Supplied data:
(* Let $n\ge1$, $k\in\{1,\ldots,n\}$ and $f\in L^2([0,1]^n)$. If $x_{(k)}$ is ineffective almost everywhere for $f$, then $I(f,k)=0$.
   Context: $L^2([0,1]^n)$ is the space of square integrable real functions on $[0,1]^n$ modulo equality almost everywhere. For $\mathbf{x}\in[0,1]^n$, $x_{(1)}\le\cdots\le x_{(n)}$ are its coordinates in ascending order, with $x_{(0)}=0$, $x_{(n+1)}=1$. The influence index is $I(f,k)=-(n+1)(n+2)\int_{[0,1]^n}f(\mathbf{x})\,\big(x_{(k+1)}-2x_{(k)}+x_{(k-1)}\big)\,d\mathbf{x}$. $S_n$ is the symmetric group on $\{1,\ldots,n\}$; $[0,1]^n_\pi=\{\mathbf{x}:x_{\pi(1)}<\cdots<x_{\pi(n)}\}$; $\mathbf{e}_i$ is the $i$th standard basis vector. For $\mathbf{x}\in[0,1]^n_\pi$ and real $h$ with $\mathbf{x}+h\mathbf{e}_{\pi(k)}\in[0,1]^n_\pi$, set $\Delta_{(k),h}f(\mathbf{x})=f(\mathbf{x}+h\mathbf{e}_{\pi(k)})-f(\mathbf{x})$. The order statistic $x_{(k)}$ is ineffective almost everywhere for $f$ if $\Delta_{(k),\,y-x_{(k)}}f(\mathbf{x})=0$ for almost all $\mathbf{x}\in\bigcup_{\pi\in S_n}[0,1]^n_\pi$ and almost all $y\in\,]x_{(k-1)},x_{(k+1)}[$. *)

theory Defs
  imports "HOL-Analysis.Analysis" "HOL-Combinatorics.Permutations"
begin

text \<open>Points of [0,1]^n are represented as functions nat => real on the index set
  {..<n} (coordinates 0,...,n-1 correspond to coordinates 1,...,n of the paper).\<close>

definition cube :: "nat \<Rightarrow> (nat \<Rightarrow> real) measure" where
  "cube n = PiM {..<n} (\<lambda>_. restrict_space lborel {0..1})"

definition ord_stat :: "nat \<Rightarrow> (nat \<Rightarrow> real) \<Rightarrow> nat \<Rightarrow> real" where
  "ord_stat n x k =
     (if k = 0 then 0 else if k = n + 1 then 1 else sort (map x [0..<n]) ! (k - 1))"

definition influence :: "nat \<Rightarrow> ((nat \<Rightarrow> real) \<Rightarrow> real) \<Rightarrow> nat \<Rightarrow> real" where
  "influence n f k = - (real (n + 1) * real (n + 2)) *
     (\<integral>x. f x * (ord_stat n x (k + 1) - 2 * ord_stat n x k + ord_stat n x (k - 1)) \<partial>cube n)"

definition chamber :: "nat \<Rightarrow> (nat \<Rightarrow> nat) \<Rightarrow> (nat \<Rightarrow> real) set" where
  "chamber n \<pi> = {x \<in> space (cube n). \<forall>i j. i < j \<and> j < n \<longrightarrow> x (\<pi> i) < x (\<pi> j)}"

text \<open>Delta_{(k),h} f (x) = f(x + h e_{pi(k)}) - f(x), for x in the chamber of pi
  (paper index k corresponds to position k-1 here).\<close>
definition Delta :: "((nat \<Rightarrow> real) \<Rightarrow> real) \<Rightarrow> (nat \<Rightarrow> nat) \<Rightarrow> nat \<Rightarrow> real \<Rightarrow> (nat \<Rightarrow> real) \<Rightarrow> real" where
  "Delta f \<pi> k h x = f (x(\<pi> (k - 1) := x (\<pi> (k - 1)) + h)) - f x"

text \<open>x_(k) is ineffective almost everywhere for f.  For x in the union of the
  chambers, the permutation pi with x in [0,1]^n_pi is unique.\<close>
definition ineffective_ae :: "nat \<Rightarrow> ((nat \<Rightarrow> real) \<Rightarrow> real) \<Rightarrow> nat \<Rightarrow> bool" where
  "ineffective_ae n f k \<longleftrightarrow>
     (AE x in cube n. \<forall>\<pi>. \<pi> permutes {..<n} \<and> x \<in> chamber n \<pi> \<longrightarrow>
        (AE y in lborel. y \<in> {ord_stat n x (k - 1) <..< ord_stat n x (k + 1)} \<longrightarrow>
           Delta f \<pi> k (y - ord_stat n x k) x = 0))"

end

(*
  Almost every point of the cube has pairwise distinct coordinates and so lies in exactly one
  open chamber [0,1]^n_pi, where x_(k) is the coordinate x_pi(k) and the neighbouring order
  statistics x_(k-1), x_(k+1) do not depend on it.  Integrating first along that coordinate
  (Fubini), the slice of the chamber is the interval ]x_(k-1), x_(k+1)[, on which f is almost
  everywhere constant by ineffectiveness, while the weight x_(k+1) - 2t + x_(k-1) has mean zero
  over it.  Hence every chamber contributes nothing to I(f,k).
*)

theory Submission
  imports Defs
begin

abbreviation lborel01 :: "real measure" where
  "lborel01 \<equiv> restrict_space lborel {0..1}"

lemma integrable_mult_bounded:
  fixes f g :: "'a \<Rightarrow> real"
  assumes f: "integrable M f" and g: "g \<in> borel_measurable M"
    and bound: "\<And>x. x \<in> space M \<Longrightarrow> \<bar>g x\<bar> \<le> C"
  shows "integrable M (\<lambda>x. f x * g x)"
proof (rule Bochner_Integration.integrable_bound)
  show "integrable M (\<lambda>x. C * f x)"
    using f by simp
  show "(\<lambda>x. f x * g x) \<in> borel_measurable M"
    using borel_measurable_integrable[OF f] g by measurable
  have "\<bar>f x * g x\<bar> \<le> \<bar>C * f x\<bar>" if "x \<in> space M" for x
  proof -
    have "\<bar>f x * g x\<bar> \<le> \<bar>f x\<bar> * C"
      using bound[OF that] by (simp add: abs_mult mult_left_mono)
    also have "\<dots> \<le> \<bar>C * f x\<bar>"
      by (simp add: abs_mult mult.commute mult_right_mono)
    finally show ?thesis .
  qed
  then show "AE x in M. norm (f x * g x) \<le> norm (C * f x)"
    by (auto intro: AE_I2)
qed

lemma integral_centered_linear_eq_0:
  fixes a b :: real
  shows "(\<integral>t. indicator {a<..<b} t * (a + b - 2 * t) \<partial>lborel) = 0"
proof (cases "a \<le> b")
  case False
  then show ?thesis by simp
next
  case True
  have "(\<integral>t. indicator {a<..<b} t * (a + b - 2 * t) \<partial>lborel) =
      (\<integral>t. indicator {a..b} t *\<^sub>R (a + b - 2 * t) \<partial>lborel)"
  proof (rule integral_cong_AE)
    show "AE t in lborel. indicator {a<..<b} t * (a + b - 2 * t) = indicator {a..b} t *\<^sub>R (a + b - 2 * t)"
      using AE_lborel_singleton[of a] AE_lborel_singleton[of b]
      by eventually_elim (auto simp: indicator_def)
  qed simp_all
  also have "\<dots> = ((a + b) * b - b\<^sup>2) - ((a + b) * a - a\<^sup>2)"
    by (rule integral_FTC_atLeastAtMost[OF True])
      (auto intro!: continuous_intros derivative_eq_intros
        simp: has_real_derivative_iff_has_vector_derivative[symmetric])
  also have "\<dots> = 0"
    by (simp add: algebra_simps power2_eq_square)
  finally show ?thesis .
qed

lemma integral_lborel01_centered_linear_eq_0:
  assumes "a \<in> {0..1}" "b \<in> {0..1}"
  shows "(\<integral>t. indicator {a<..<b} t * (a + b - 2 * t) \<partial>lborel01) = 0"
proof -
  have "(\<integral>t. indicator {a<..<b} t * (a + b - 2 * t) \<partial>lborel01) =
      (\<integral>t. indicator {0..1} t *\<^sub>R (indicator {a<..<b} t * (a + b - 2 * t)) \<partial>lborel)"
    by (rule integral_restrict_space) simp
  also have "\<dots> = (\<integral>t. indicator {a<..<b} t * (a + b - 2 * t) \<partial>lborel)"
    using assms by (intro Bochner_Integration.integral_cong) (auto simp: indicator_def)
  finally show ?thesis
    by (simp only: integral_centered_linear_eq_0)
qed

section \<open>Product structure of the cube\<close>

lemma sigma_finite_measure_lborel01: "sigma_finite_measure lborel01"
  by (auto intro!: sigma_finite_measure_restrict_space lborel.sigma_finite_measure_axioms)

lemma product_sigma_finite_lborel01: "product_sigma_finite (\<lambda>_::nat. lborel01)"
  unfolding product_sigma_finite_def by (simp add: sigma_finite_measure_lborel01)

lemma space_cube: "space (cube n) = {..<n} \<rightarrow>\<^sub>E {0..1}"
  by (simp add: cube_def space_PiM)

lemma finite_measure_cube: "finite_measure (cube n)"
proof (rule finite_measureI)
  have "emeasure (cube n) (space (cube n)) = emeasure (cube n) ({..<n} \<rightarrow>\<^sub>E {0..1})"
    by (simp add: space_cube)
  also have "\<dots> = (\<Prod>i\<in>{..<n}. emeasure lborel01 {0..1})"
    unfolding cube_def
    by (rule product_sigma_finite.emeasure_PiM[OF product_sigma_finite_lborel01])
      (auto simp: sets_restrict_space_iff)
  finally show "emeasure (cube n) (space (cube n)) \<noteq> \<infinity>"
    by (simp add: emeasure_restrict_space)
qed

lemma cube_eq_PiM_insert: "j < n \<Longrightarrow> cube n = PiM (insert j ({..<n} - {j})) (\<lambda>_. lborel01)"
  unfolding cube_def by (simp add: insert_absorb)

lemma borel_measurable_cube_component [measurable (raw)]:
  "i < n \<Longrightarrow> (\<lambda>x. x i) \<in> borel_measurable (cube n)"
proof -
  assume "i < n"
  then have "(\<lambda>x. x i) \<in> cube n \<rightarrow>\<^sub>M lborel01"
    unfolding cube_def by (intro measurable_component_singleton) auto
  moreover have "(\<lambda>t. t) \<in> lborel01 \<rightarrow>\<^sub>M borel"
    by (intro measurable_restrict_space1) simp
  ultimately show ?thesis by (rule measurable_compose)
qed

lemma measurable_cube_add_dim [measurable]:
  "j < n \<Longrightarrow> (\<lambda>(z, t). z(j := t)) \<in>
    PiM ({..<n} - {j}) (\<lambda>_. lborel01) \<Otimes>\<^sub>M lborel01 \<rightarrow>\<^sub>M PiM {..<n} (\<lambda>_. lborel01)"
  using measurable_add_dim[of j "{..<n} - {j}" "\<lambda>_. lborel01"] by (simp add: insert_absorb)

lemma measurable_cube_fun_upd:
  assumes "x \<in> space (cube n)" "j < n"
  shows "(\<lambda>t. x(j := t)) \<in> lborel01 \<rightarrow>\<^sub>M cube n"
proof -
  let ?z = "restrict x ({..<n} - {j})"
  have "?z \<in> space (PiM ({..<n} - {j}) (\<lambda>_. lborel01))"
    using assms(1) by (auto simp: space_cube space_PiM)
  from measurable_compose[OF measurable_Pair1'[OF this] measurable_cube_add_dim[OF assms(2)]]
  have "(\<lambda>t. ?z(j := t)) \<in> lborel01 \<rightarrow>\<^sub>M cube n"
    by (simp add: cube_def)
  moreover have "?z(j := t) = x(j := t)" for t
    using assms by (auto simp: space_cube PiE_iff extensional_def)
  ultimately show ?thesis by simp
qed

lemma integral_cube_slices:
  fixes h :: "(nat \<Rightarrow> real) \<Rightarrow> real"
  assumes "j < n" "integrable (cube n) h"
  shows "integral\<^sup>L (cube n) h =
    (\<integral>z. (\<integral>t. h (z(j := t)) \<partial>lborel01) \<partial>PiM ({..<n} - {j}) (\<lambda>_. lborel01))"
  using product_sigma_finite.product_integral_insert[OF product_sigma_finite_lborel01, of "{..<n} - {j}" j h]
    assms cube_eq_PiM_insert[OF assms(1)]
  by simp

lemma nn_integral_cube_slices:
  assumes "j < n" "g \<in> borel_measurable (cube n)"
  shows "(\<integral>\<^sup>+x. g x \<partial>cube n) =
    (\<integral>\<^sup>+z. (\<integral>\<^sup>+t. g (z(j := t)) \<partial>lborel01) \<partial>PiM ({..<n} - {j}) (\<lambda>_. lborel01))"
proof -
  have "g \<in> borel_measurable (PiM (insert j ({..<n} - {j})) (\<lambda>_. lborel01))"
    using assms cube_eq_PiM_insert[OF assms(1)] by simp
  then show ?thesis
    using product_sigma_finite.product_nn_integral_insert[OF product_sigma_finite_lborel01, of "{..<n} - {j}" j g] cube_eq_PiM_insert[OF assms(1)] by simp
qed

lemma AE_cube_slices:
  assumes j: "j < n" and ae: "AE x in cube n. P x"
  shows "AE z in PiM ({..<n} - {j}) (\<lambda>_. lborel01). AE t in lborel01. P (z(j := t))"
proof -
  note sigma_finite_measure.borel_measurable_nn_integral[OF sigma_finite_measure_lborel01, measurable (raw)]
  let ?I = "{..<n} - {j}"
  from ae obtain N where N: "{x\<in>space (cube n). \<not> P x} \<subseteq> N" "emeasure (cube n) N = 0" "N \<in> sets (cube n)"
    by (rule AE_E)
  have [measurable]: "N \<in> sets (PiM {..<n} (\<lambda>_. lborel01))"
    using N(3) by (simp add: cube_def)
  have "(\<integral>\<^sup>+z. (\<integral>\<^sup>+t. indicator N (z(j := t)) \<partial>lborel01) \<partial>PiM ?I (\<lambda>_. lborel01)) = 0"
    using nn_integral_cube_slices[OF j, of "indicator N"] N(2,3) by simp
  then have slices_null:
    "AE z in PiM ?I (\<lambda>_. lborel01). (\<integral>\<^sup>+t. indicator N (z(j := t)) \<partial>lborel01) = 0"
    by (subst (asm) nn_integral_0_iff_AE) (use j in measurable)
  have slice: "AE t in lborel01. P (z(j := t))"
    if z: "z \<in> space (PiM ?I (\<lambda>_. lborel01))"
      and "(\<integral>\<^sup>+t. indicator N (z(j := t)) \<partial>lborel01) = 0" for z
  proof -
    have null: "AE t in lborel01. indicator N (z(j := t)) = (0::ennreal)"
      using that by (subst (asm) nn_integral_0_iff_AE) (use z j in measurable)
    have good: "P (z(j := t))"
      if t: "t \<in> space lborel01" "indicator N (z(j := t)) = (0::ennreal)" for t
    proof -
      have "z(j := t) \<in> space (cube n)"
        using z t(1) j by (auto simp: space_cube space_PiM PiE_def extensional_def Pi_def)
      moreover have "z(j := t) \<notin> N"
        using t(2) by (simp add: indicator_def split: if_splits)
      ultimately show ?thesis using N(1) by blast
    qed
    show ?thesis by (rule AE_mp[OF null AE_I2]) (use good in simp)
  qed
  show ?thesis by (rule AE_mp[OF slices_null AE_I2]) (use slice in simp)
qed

Task description: Return only the exact lines from the opening of the records through the line that contains "real (n + 2)) *", both included.

Task response:
(* Let $n\ge1$, $k\in\{1,\ldots,n\}$ and $f\in L^2([0,1]^n)$. If $x_{(k)}$ is ineffective almost everywhere for $f$, then $I(f,k)=0$.
   Context: $L^2([0,1]^n)$ is the space of square integrable real functions on $[0,1]^n$ modulo equality almost everywhere. For $\mathbf{x}\in[0,1]^n$, $x_{(1)}\le\cdots\le x_{(n)}$ are its coordinates in ascending order, with $x_{(0)}=0$, $x_{(n+1)}=1$. The influence index is $I(f,k)=-(n+1)(n+2)\int_{[0,1]^n}f(\mathbf{x})\,\big(x_{(k+1)}-2x_{(k)}+x_{(k-1)}\big)\,d\mathbf{x}$. $S_n$ is the symmetric group on $\{1,\ldots,n\}$; $[0,1]^n_\pi=\{\mathbf{x}:x_{\pi(1)}<\cdots<x_{\pi(n)}\}$; $\mathbf{e}_i$ is the $i$th standard basis vector. For $\mathbf{x}\in[0,1]^n_\pi$ and real $h$ with $\mathbf{x}+h\mathbf{e}_{\pi(k)}\in[0,1]^n_\pi$, set $\Delta_{(k),h}f(\mathbf{x})=f(\mathbf{x}+h\mathbf{e}_{\pi(k)})-f(\mathbf{x})$. The order statistic $x_{(k)}$ is ineffective almost everywhere for $f$ if $\Delta_{(k),\,y-x_{(k)}}f(\mathbf{x})=0$ for almost all $\mathbf{x}\in\bigcup_{\pi\in S_n}[0,1]^n_\pi$ and almost all $y\in\,]x_{(k-1)},x_{(k+1)}[$. *)

theory Defs
  imports "HOL-Analysis.Analysis" "HOL-Combinatorics.Permutations"
begin

text \<open>Points of [0,1]^n are represented as functions nat => real on the index set
  {..<n} (coordinates 0,...,n-1 correspond to coordinates 1,...,n of the paper).\<close>

definition cube :: "nat \<Rightarrow> (nat \<Rightarrow> real) measure" where
  "cube n = PiM {..<n} (\<lambda>_. restrict_space lborel {0..1})"

definition ord_stat :: "nat \<Rightarrow> (nat \<Rightarrow> real) \<Rightarrow> nat \<Rightarrow> real" where
  "ord_stat n x k =
     (if k = 0 then 0 else if k = n + 1 then 1 else sort (map x [0..<n]) ! (k - 1))"

definition influence :: "nat \<Rightarrow> ((nat \<Rightarrow> real) \<Rightarrow> real) \<Rightarrow> nat \<Rightarrow> real" where
  "influence n f k = - (real (n + 1) * real (n + 2)) *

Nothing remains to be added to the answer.